◆ **Dataset records**
· · · · · · ·

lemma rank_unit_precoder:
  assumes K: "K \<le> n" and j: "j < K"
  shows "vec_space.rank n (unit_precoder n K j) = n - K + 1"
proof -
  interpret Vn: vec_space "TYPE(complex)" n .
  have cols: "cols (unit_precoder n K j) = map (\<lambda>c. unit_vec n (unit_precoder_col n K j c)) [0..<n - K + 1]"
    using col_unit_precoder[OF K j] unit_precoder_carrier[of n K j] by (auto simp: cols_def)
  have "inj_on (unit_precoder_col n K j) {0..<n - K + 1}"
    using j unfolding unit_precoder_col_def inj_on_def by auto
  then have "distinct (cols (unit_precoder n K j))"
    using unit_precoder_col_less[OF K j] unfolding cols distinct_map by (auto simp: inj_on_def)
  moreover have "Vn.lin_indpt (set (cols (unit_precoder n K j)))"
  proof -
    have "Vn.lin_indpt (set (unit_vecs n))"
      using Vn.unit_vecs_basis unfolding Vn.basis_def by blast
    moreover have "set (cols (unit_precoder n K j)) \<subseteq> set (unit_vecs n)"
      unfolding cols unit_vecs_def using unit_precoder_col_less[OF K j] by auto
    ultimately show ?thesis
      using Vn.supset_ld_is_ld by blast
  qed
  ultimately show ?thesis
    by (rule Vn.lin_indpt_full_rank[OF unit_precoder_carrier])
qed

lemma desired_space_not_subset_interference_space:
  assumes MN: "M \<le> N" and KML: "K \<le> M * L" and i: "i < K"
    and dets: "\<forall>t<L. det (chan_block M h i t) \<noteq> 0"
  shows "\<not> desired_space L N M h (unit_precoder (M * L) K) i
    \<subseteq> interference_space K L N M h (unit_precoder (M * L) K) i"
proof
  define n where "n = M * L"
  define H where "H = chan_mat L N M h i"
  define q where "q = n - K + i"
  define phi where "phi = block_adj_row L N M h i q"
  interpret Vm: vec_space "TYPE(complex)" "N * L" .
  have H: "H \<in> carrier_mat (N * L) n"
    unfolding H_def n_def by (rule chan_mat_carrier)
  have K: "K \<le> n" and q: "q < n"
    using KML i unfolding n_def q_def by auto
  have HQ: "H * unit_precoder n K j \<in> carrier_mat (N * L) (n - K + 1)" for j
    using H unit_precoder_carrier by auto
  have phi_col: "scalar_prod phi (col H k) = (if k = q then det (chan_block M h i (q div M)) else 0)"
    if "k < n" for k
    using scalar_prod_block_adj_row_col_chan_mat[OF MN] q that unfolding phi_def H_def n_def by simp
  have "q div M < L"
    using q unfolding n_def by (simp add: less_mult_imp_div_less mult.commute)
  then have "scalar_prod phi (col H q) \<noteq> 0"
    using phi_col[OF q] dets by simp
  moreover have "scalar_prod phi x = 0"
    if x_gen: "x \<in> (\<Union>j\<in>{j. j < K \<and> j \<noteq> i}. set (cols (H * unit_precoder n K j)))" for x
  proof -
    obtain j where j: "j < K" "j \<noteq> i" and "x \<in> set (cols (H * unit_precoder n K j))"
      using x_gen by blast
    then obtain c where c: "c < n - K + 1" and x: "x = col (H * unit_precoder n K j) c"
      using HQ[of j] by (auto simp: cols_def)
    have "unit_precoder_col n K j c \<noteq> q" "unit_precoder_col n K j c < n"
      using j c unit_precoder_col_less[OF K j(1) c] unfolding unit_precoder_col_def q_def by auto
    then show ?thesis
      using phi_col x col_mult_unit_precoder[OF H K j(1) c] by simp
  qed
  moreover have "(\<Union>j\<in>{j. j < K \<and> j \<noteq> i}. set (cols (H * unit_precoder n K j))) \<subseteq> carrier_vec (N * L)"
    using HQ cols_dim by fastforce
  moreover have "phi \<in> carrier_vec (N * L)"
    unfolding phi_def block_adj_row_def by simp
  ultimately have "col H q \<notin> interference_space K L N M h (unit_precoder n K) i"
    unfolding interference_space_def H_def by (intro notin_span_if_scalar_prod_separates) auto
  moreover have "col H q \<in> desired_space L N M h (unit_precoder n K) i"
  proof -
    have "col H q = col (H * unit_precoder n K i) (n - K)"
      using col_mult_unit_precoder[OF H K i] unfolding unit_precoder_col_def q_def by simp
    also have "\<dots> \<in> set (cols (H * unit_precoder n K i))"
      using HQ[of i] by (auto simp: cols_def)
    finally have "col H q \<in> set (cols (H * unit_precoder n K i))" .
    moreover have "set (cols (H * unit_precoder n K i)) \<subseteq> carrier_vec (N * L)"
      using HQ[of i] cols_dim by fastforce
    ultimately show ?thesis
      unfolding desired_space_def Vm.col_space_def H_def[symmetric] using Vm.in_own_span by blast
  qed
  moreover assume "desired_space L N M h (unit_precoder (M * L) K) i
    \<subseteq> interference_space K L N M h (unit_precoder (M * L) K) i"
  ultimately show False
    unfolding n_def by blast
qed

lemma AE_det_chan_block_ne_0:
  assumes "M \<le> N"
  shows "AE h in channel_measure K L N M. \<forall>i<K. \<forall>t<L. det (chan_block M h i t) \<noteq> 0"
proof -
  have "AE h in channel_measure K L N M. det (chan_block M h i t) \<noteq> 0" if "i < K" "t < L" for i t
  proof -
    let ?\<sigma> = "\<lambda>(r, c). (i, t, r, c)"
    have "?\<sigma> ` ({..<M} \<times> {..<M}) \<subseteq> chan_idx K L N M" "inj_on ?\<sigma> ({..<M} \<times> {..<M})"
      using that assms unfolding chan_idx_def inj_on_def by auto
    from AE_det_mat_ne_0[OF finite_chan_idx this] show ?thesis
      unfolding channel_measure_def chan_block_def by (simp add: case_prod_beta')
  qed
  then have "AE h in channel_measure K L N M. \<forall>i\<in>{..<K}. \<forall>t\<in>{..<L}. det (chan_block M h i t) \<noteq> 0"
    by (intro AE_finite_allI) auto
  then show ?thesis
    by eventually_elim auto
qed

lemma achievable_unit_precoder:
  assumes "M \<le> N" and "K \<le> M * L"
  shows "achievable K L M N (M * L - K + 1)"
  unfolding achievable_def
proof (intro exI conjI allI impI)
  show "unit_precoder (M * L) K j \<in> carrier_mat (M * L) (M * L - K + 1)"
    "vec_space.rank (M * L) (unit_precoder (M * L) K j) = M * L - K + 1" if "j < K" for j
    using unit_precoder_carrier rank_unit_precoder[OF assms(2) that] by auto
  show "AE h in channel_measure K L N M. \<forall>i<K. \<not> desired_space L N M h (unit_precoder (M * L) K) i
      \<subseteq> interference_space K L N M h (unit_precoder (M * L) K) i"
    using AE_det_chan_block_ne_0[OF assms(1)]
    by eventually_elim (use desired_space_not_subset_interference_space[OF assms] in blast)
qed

· · · · · · ·

◆ **Brief**
Would you retype all of the lines shown above, exactly as given?

◆ **Exercise output**
lemma rank_unit_precoder:
  assumes K: "K \<le> n" and j: "j < K"
  shows "vec_space.rank n (unit_precoder n K j) = n - K + 1"
proof -
  interpret Vn: vec_space "TYPE(complex)" n .
  have cols: "cols (unit_precoder n K j) = map (\<lambda>c. unit_vec n (unit_precoder_col n K j c)) [0..<n - K + 1]"
    using col_unit_precoder[OF K j] unit_precoder_carrier[of n K j] by (auto simp: cols_def)
  have "inj_on (unit_precoder_col n K j) {0..<n - K + 1}"
    using j unfolding unit_precoder_col_def inj_on_def by auto
  then have "distinct (cols (unit_precoder n K j))"
    using unit_precoder_col_less[OF K j] unfolding cols distinct_map by (auto simp: inj_on_def)
  moreover have "Vn.lin_indpt (set (cols (unit_precoder n K j)))"
  proof -
    have "Vn.lin_indpt (set (unit_vecs n))"
      using Vn.unit_vecs_basis unfolding Vn.basis_def by blast
    moreover have "set (cols (unit_precoder n K j)) \<subseteq> set (unit_vecs n)"
      unfolding cols unit_vecs_def using unit_precoder_col_less[OF K j] by auto
    ultimately show ?thesis
      using Vn.supset_ld_is_ld by blast
  qed
  ultimately show ?thesis
    by (rule Vn.lin_indpt_full_rank[OF unit_precoder_carrier])
qed

lemma desired_space_not_subset_interference_space:
  assumes MN: "M \<le> N" and KML: "K \<le> M * L" and i: "i < K"
    and dets: "\<forall>t<L. det (chan_block M h i t) \<noteq> 0"
  shows "\<not> desired_space L N M h (unit_precoder (M * L) K) i
    \<subseteq> interference_space K L N M h (unit_precoder (M * L) K) i"
proof
  define n where "n = M * L"
  define H where "H = chan_mat L N M h i"
  define q where "q = n - K + i"
  define phi where "phi = block_adj_row L N M h i q"
  interpret Vm: vec_space "TYPE(complex)" "N * L" .
  have H: "H \<in> carrier_mat (N * L) n"
    unfolding H_def n_def by (rule chan_mat_carrier)
  have K: "K \<le> n" and q: "q < n"
    using KML i unfolding n_def q_def by auto
  have HQ: "H * unit_precoder n K j \<in> carrier_mat (N * L) (n - K + 1)" for j
    using H unit_precoder_carrier by auto
  have phi_col: "scalar_prod phi (col H k) = (if k = q then det (chan_block M h i (q div M)) else 0)"
    if "k < n" for k
    using scalar_prod_block_adj_row_col_chan_mat[OF MN] q that unfolding phi_def H_def n_def by simp
  have "q div M < L"
    using q unfolding n_def by (simp add: less_mult_imp_div_less mult.commute)
  then have "scalar_prod phi (col H q) \<noteq> 0"
    using phi_col[OF q] dets by simp
  moreover have "scalar_prod phi x = 0"
    if x_gen: "x \<in> (\<Union>j\<in>{j. j < K \<and> j \<noteq> i}. set (cols (H * unit_precoder n K j)))" for x
  proof -
    obtain j where j: "j < K" "j \<noteq> i" and "x \<in> set (cols (H * unit_precoder n K j))"
      using x_gen by blast
    then obtain c where c: "c < n - K + 1" and x: "x = col (H * unit_precoder n K j) c"
      using HQ[of j] by (auto simp: cols_def)
    have "unit_precoder_col n K j c \<noteq> q" "unit_precoder_col n K j c < n"
      using j c unit_precoder_col_less[OF K j(1) c] unfolding unit_precoder_col_def q_def by auto
    then show ?thesis
      using phi_col x col_mult_unit_precoder[OF H K j(1) c] by simp
  qed
  moreover have "(\<Union>j\<in>{j. j < K \<and> j \<noteq> i}. set (cols (H * unit_precoder n K j))) \<subseteq> carrier_vec (N * L)"
    using HQ cols_dim by fastforce
  moreover have "phi \<in> carrier_vec (N * L)"
    unfolding phi_def block_adj_row_def by simp
  ultimately have "col H q \<notin> interference_space K L N M h (unit_precoder n K) i"
    unfolding interference_space_def H_def by (intro notin_span_if_scalar_prod_separates) auto
  moreover have "col H q \<in> desired_space L N M h (unit_precoder n K) i"
  proof -
    have "col H q = col (H * unit_precoder n K i) (n - K)"
      using col_mult_unit_precoder[OF H K i] unfolding unit_precoder_col_def q_def by simp
    also have "\<dots> \<in> set (cols (H * unit_precoder n K i))"
      using HQ[of i] by (auto simp: cols_def)
    finally have "col H q \<in> set (cols (H * unit_precoder n K i))" .
    moreover have "set (cols (H * unit_precoder n K i)) \<subseteq> carrier_vec (N * L)"
      using HQ[of i] cols_dim by fastforce
    ultimately show ?thesis
      unfolding desired_space_def Vm.col_space_def H_def[symmetric] using Vm.in_own_span by blast
  qed
  moreover assume "desired_space L N M h (unit_precoder (M * L) K) i
    \<subseteq> interference_space K L N M h (unit_precoder (M * L) K) i"
  ultimately show False
    unfolding n_def by blast
qed

lemma AE_det_chan_block_ne_0:
  assumes "M \<le> N"
  shows "AE h in channel_measure K L N M. \<forall>i<K. \<forall>t<L. det (chan_block M h i t) \<noteq> 0"
proof -
  have "AE h in channel_measure K L N M. det (chan_block M h i t) \<noteq> 0" if "i < K" "t < L" for i t
  proof -
    let ?\<sigma> = "\<lambda>(r, c). (i, t, r, c)"
    have "?\<sigma> ` ({..<M} \<times> {..<M}) \<subseteq> chan_idx K L N M" "inj_on ?\<sigma> ({..<M} \<times> {..<M})"
      using that assms unfolding chan_idx_def inj_on_def by auto
    from AE_det_mat_ne_0[OF finite_chan_idx this] show ?thesis
      unfolding channel_measure_def chan_block_def by (simp add: case_prod_beta')
  qed
  then have "AE h in channel_measure K L N M. \<forall>i\<in>{..<K}. \<forall>t\<in>{..<L}. det (chan_block M h i t) \<noteq> 0"
    by (intro AE_finite_allI) auto
  then show ?thesis
    by eventually_elim auto
qed

lemma achievable_unit_precoder:
  assumes "M \<le> N" and "K \<le> M * L"
  shows "achievable K L M N (M * L - K + 1)"
  unfolding achievable_def
proof (intro exI conjI allI impI)
  show "unit_precoder (M * L) K j \<in> carrier_mat (M * L) (M * L - K + 1)"
    "vec_space.rank (M * L) (unit_precoder (M * L) K j) = M * L - K + 1" if "j < K" for j
    using unit_precoder_carrier rank_unit_precoder[OF assms(2) that] by auto
  show "AE h in channel_measure K L N M. \<forall>i<K. \<not> desired_space L N M h (unit_precoder (M * L) K) i
      \<subseteq> interference_space K L N M h (unit_precoder (M * L) K) i"
    using AE_det_chan_block_ne_0[OF assms(1)]
    by eventually_elim (use desired_space_not_subset_interference_space[OF assms] in blast)
qed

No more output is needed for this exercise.